INSTRUCTIONS FOR THE TASK: Report every line below that carries the word "bounded".

RECORDS FOR THIS EXERCISE:
==*==

lemma Mn_le_sqrt:
  assumes "N \<ge> 1" "\<forall>j\<in>{1..N}. a j * n + b j \<le> X"
  shows "Mn N a b n \<le> sqrt (real X)"
  unfolding Mn_def using assms by (subst Max_le_iff) (auto simp del: of_nat_add of_nat_mult)

lemma Lcm_polyf_sum_le:
  assumes "\<forall>j\<in>{1..N}. b j > 0" "\<forall>j\<in>{1..N}. a j * n + b j \<le> X" "1 \<le> X"
  shows "(\<Sum>p\<in>{p. prime p \<and> real p \<le> sqrt (real X)}.
            real (multiplicity p (Lcm (polyf N a b d ` {1..n}))) * ln (real p))
         \<le> real (\<Sum>j=1..N. d j) * (3 * ln 4 + 4) * sqrt (real X)"
proof -
  define D where "D = (\<Sum>j=1..N. d j)"
  have "(\<Sum>p\<in>{p. prime p \<and> real p \<le> sqrt (real X)}.
            real (multiplicity p (Lcm (polyf N a b d ` {1..n}))) * ln (real p))
        \<le> (\<Sum>p\<in>{p. prime p \<and> real p \<le> sqrt (real X)}. real D * (real (max_exponent p X) * ln (real p)))"
  proof (intro sum_mono)
    fix p assume "p \<in> {p. prime p \<and> real p \<le> sqrt (real X)}"
    then have p: "prime p" "0 \<le> ln (real p)"
      using prime_ge_1_nat[of p] by auto
    have "real (multiplicity p (Lcm (polyf N a b d ` {1..n}))) \<le> real D * real (max_exponent p X)"
      using multiplicity_Lcm_polyf_le[OF p(1) assms(1,2), of d] unfolding D_def
      by (metis of_nat_le_iff of_nat_mult)
    then show "real (multiplicity p (Lcm (polyf N a b d ` {1..n}))) * ln (real p)
               \<le> real D * (real (max_exponent p X) * ln (real p))"
      using p(2) by (simp add: mult.assoc[symmetric] mult_right_mono)
  qed
  also have "\<dots> \<le> real D * ((3 * ln 4 + 4) * sqrt (real X))"
    by (simp only: sum_distrib_left[symmetric]) (intro mult_left_mono max_exponent_sum_le assms(3); simp)
  finally show ?thesis
    unfolding D_def by (simp add: mult.assoc)
qed

lemma linear_factor_le:
  fixes a b :: "nat \<Rightarrow> nat"
  assumes "1 \<le> n" "j \<in> {1..N}"
  shows "a j * n + b j \<le> ((\<Sum>i=1..N. a i) + (\<Sum>i=1..N. b i)) * n"
proof -
  have "a j \<le> (\<Sum>i=1..N. a i)" "b j \<le> (\<Sum>i=1..N. b i)"
    using assms(2) by (auto intro: member_le_sum)
  moreover have "(\<Sum>i=1..N. b i) \<le> (\<Sum>i=1..N. b i) * n"
    using assms(1) by simp
  ultimately have "a j * n \<le> (\<Sum>i=1..N. a i) * n" "b j \<le> (\<Sum>i=1..N. b i) * n"
    by (simp, linarith)
  then show ?thesis
    by (simp add: add_mult_distrib add_mono)
qed

lemma Lcm_polyf_Mn_sum_le:
  fixes a b d :: "nat \<Rightarrow> nat"
  assumes "N \<ge> 1" "\<forall>j\<in>{1..N}. b j > 0" "1 \<le> n"
  defines "S \<equiv> (\<Sum>j=1..N. a j) + (\<Sum>j=1..N. b j)"
  shows "(\<Sum>p\<in>{p. prime p \<and> real p \<le> Mn N a b n}.
            real (multiplicity p (Lcm (polyf N a b d ` {1..n}))) * ln (real p))
         \<le> real (\<Sum>j=1..N. d j) * (3 * ln 4 + 4) * sqrt (real S) * sqrt (real n)"
proof -
  have bounded: "\<forall>j\<in>{1..N}. a j * n + b j \<le> S * n"
    unfolding S_def using linear_factor_le[OF assms(3)] by blast
  have "0 < b 1" "a 1 * n + b 1 \<le> S * n"
    using assms(1,2) bounded by auto
  then have "1 \<le> S * n"
    by linarith
  let ?T = "\<lambda>p. real (multiplicity p (Lcm (polyf N a b d ` {1..n}))) * ln (real p)"
  have "(\<Sum>p\<in>{p. prime p \<and> real p \<le> Mn N a b n}. ?T p)
      \<le> (\<Sum>p\<in>{p. prime p \<and> real p \<le> sqrt (real (S * n))}. ?T p)"
    using Mn_le_sqrt[OF assms(1) bounded]
    by (intro sum_mono2 finite_primes_le mult_nonneg_nonneg) (auto dest: prime_ge_1_nat)
  also have "\<dots> \<le> real (\<Sum>j=1..N. d j) * (3 * ln 4 + 4) * sqrt (real (S * n))"
    by (rule Lcm_polyf_sum_le[OF assms(2) bounded \<open>1 \<le> S * n\<close>])
  finally show ?thesis
    by (simp add: real_sqrt_mult mult.assoc)
qed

==*==

SOLUTION FOR THIS TASK:
  have bounded: "\<forall>j\<in>{1..N}. a j * n + b j \<le> S * n"
    using assms(1,2) bounded by auto
    using Mn_le_sqrt[OF assms(1) bounded]
    by (rule Lcm_polyf_sum_le[OF assms(2) bounded \<open>1 \<le> S * n\<close>])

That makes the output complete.